> _Task brief_
Word for word, set down every line of the entries below from the line with "finally show False by simp" to the line with "by (metis matrix_mul_assoc", including both, and no other line.

------

lemma psd_cauchy_schwarz:
  assumes "psd M"
  shows "\<bar>u \<bullet> (M *v v)\<bar> \<le> sqrt (quad_form M u) * sqrt (quad_form M v)"
proof -
  define B where "B = u \<bullet> (M *v v)"
  have nonneg: "0 \<le> quad_form M u + 2 * t * B + t\<^sup>2 * quad_form M v" for t
  proof -
    have "v \<bullet> (M *v u) = B"
      using assms sym_mat_inner_commute unfolding B_def psd_iff_quad_form by metis
    then have "quad_form M (1 *\<^sub>R u + t *\<^sub>R v) = quad_form M u + 2 * t * B + t\<^sup>2 * quad_form M v"
      unfolding quad_form_lincomb B_def by simp
    then show ?thesis using assms unfolding psd_iff_quad_form by metis
  qed
  have "B\<^sup>2 \<le> quad_form M u * quad_form M v"
  proof (cases "quad_form M v = 0")
    case True
    have "B = 0"
    proof (rule ccontr)
      assume "B \<noteq> 0"
      have "0 \<le> quad_form M u + 2 * (- (quad_form M u + 1) / (2 * B)) * B"
        using nonneg[of "- (quad_form M u + 1) / (2 * B)"] True by simp
      also have "\<dots> = -1" using \<open>B \<noteq> 0\<close> by (simp add: field_simps)
      finally show False by simp
    qed
    then show ?thesis using True by simp
  next
    case False
    then have v: "0 < quad_form M v"
      using assms unfolding psd_iff_quad_form by (metis less_eq_real_def)
    have "0 \<le> quad_form M u + 2 * (- B / quad_form M v) * B
        + (- B / quad_form M v)\<^sup>2 * quad_form M v"
      by (rule nonneg)
    also have "\<dots> = quad_form M u - B\<^sup>2 / quad_form M v"
      using v by (simp add: field_simps power2_eq_square)
    finally show ?thesis using v by (simp add: field_simps)
  qed
  then have "sqrt (B\<^sup>2) \<le> sqrt (quad_form M u * quad_form M v)" by (rule real_sqrt_le_mono)
  then show ?thesis unfolding B_def real_sqrt_mult by simp
qed

lemma matrix_inv_inverse:
  assumes "invertible (M::real^'n^'n)"
  shows matrix_inv_right: "M ** matrix_inv M = mat 1"
    and matrix_inv_left: "matrix_inv M ** M = mat 1"
proof -
  have "M ** matrix_inv M = mat 1 \<and> matrix_inv M ** M = mat 1"
    using assms unfolding invertible_def matrix_inv_def by (rule someI_ex)
  then show "M ** matrix_inv M = mat 1" "matrix_inv M ** M = mat 1" by auto
qed

lemma matrix_inverse_unique: "A ** B = mat 1 \<Longrightarrow> C ** A = mat 1 \<Longrightarrow> B = (C::real^'n^'n)"
  by (metis matrix_mul_assoc matrix_mul_lid matrix_mul_rid)

lemma matrix_inv_eqI: "A ** B = mat 1 \<Longrightarrow> B ** A = mat 1 \<Longrightarrow> matrix_inv A = (B::real^'n^'n)"
  by (metis matrix_inverse_unique invertible_def matrix_inv_left)

lemma matrix_inv_mult_vector: "invertible (M::real^'n^'n) \<Longrightarrow> M *v (matrix_inv M *v x) = x"
  by (simp add: matrix_vector_mul_assoc matrix_inv_right)

lemma matrix_inv_matrix_inv: "invertible (M::real^'n^'n) \<Longrightarrow> matrix_inv (matrix_inv M) = M"
  by (intro matrix_inv_eqI matrix_inv_left matrix_inv_right)

lemma matrix_inv_scaleR:
  "invertible (M::real^'n^'n) \<Longrightarrow> c \<noteq> 0 \<Longrightarrow> matrix_inv (c *\<^sub>R M) = (1 / c) *\<^sub>R matrix_inv M"
  by (intro matrix_inv_eqI)
    (simp_all add: matrix_scalar_ac scalar_matrix_assoc[symmetric] matrix_inv_right matrix_inv_left)

lemma pd_invertible: "pd (M::real^'n^'n) \<Longrightarrow> invertible M"
  unfolding invertible_left_inverse matrix_left_invertible_ker pd_def
  by (metis inner_zero_right less_irrefl)

lemma sym_mat_matrix_inv:
  assumes "sym_mat M" "invertible (M::real^'n^'n)"
  shows "sym_mat (matrix_inv M)"
proof -
  have "transpose (matrix_inv M) ** M = mat 1"
    using arg_cong[OF matrix_inv_right[OF assms(2)], of transpose] assms(1)
    by (simp add: sym_mat_def matrix_transpose_mul)
  then show ?thesis
    using matrix_inverse_unique matrix_inv_right[OF assms(2)] unfolding sym_mat_def by metis
qed

lemma pd_matrix_inv:
  assumes "pd (M::real^'n^'n)"
  shows "pd (matrix_inv M)"
proof -
  have inv: "invertible M" using pd_invertible[OF assms] .
  have "0 < w \<bullet> (matrix_inv M *v w)" if "w \<noteq> 0" for w
  proof -
    define v where "v = matrix_inv M *v w"
    have Mv: "M *v v = w" unfolding v_def using matrix_inv_mult_vector[OF inv] .
    then have "v \<noteq> 0" using that by auto
    then have "0 < v \<bullet> (M *v v)" using assms unfolding pd_def by blast
    then show ?thesis using Mv by (simp add: v_def inner_commute)
  qed
  then show ?thesis
    unfolding pd_def using sym_mat_matrix_inv[OF pd_imp_sym_mat[OF assms] inv] by blast
qed

section \<open>An S-lemma for quadratic forms\<close>

lemma sqrt_add_sqrt_power2_additive:
  fixes a1 a2 b1 b2 :: real
  assumes "0 \<le> a1" "0 \<le> a2" "0 \<le> b1" "0 \<le> b2" and ratio: "a1 * b2 = a2 * b1"
  shows "(sqrt (a1 + a2) + sqrt (b1 + b2))\<^sup>2 = (sqrt a1 + sqrt b1)\<^sup>2 + (sqrt a2 + sqrt b2)\<^sup>2"
proof -
  have "(a1 + a2) * (b1 + b2) = (sqrt (a1 * b1) + sqrt (a2 * b2))\<^sup>2"
  proof -
    have "sqrt (a1 * b1) * sqrt (a2 * b2) = sqrt ((a1 * b2) * (a2 * b1))"
      by (simp add: real_sqrt_mult[symmetric] ac_simps)
    also have "\<dots> = a1 * b2" using ratio assms by simp
    finally show ?thesis
      using assms ratio by (simp add: power2_eq_square algebra_simps)
  qed
  then have "sqrt (a1 + a2) * sqrt (b1 + b2) = sqrt a1 * sqrt b1 + sqrt a2 * sqrt b2"
    using assms by (simp add: real_sqrt_mult[symmetric])
  then show ?thesis using assms by (simp add: power2_eq_square algebra_simps)
qed

lemma quad_form_sqrt_bound_two_vectors:
  assumes A: "\<And>x. 0 \<le> quad_form A x" and B: "\<And>x. 0 \<le> quad_form B x"
    and R: "\<And>x. (sqrt (quad_form A x) + sqrt (quad_form B x))\<^sup>2 \<le> quad_form R x"
  shows "(sqrt (quad_form A u + quad_form A v) + sqrt (quad_form B u + quad_form B v))\<^sup>2
    \<le> quad_form R u + quad_form R v"
proof -
  define \<alpha> \<beta> where "\<alpha> = quad_form A u + quad_form A v" and "\<beta> = quad_form B u + quad_form B v"
  define F where "F = \<beta> *\<^sub>R A - \<alpha> *\<^sub>R B"
  have F: "quad_form F z = \<beta> * quad_form A z - \<alpha> * quad_form B z" for z
    unfolding F_def quad_form_diff_mat quad_form_scaleR_mat ..
  \<comment> \<open>Rotate the pair \<open>(u, v)\<close> until both rotated vectors see \<open>A\<close> and \<open>B\<close> in the
    same ratio \<open>\<alpha> : \<beta>\<close>; rotations preserve all sums \<open>quad_form M u + quad_form M v\<close>.\<close>
  define z1 z2 where "z1 \<theta> = cos \<theta> *\<^sub>R u + sin \<theta> *\<^sub>R v" and "z2 \<theta> = (- sin \<theta>) *\<^sub>R u + cos \<theta> *\<^sub>R v"
    for \<theta>
  have rot: "quad_form M (z1 \<theta>) + quad_form M (z2 \<theta>) = quad_form M u + quad_form M v" for M \<theta>
    unfolding z1_def z2_def quad_form_rotation by simp
  have "continuous_on (closed_segment 0 (pi / 2)) (\<lambda>\<theta>. quad_form F (z1 \<theta>))"
    unfolding z1_def quad_form_lincomb by (intro continuous_intros)
  moreover have "quad_form F (z1 (pi / 2)) = - quad_form F (z1 0)"
    unfolding z1_def F by (simp add: \<alpha>_def \<beta>_def algebra_simps)
  then have "0 \<in> closed_segment (quad_form F (z1 0)) (quad_form F (z1 (pi / 2)))"
    by (simp add: closed_segment_eq_real_ivl)
  ultimately obtain \<theta> where F1: "quad_form F (z1 \<theta>) = 0"
    using IVT'_closed_segment_real[of 0 "\<lambda>\<theta>. quad_form F (z1 \<theta>)" 0 "pi / 2"] by blast
  have F2: "quad_form F (z2 \<theta>) = 0"
    using rot[of F \<theta>] F1 unfolding F \<alpha>_def \<beta>_def by (simp add: algebra_simps)
  have "(quad_form B (z1 \<theta>) + quad_form B (z2 \<theta>)) * quad_form A (z1 \<theta>)
      = (quad_form A (z1 \<theta>) + quad_form A (z2 \<theta>)) * quad_form B (z1 \<theta>)"
    using F1 unfolding F rot \<alpha>_def \<beta>_def by simp
  then have "quad_form A (z1 \<theta>) * quad_form B (z2 \<theta>) = quad_form A (z2 \<theta>) * quad_form B (z1 \<theta>)"
    by (simp add: algebra_simps)
  then have "(sqrt \<alpha> + sqrt \<beta>)\<^sup>2
      = (sqrt (quad_form A (z1 \<theta>)) + sqrt (quad_form B (z1 \<theta>)))\<^sup>2
      + (sqrt (quad_form A (z2 \<theta>)) + sqrt (quad_form B (z2 \<theta>)))\<^sup>2"
    using sqrt_add_sqrt_power2_additive A B rot unfolding \<alpha>_def \<beta>_def by metis
  also have "\<dots> \<le> quad_form R (z1 \<theta>) + quad_form R (z2 \<theta>)" by (intro add_mono R)
  finally show ?thesis unfolding rot \<alpha>_def \<beta>_def .
qed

------

> _Answer_
      finally show False by simp
    qed
    then show ?thesis using True by simp
  next
    case False
    then have v: "0 < quad_form M v"
      using assms unfolding psd_iff_quad_form by (metis less_eq_real_def)
    have "0 \<le> quad_form M u + 2 * (- B / quad_form M v) * B
        + (- B / quad_form M v)\<^sup>2 * quad_form M v"
      by (rule nonneg)
    also have "\<dots> = quad_form M u - B\<^sup>2 / quad_form M v"
      using v by (simp add: field_simps power2_eq_square)
    finally show ?thesis using v by (simp add: field_simps)
  qed
  then have "sqrt (B\<^sup>2) \<le> sqrt (quad_form M u * quad_form M v)" by (rule real_sqrt_le_mono)
  then show ?thesis unfolding B_def real_sqrt_mult by simp
qed

lemma matrix_inv_inverse:
  assumes "invertible (M::real^'n^'n)"
  shows matrix_inv_right: "M ** matrix_inv M = mat 1"
    and matrix_inv_left: "matrix_inv M ** M = mat 1"
proof -
  have "M ** matrix_inv M = mat 1 \<and> matrix_inv M ** M = mat 1"
    using assms unfolding invertible_def matrix_inv_def by (rule someI_ex)
  then show "M ** matrix_inv M = mat 1" "matrix_inv M ** M = mat 1" by auto
qed

lemma matrix_inverse_unique: "A ** B = mat 1 \<Longrightarrow> C ** A = mat 1 \<Longrightarrow> B = (C::real^'n^'n)"
  by (metis matrix_mul_assoc matrix_mul_lid matrix_mul_rid)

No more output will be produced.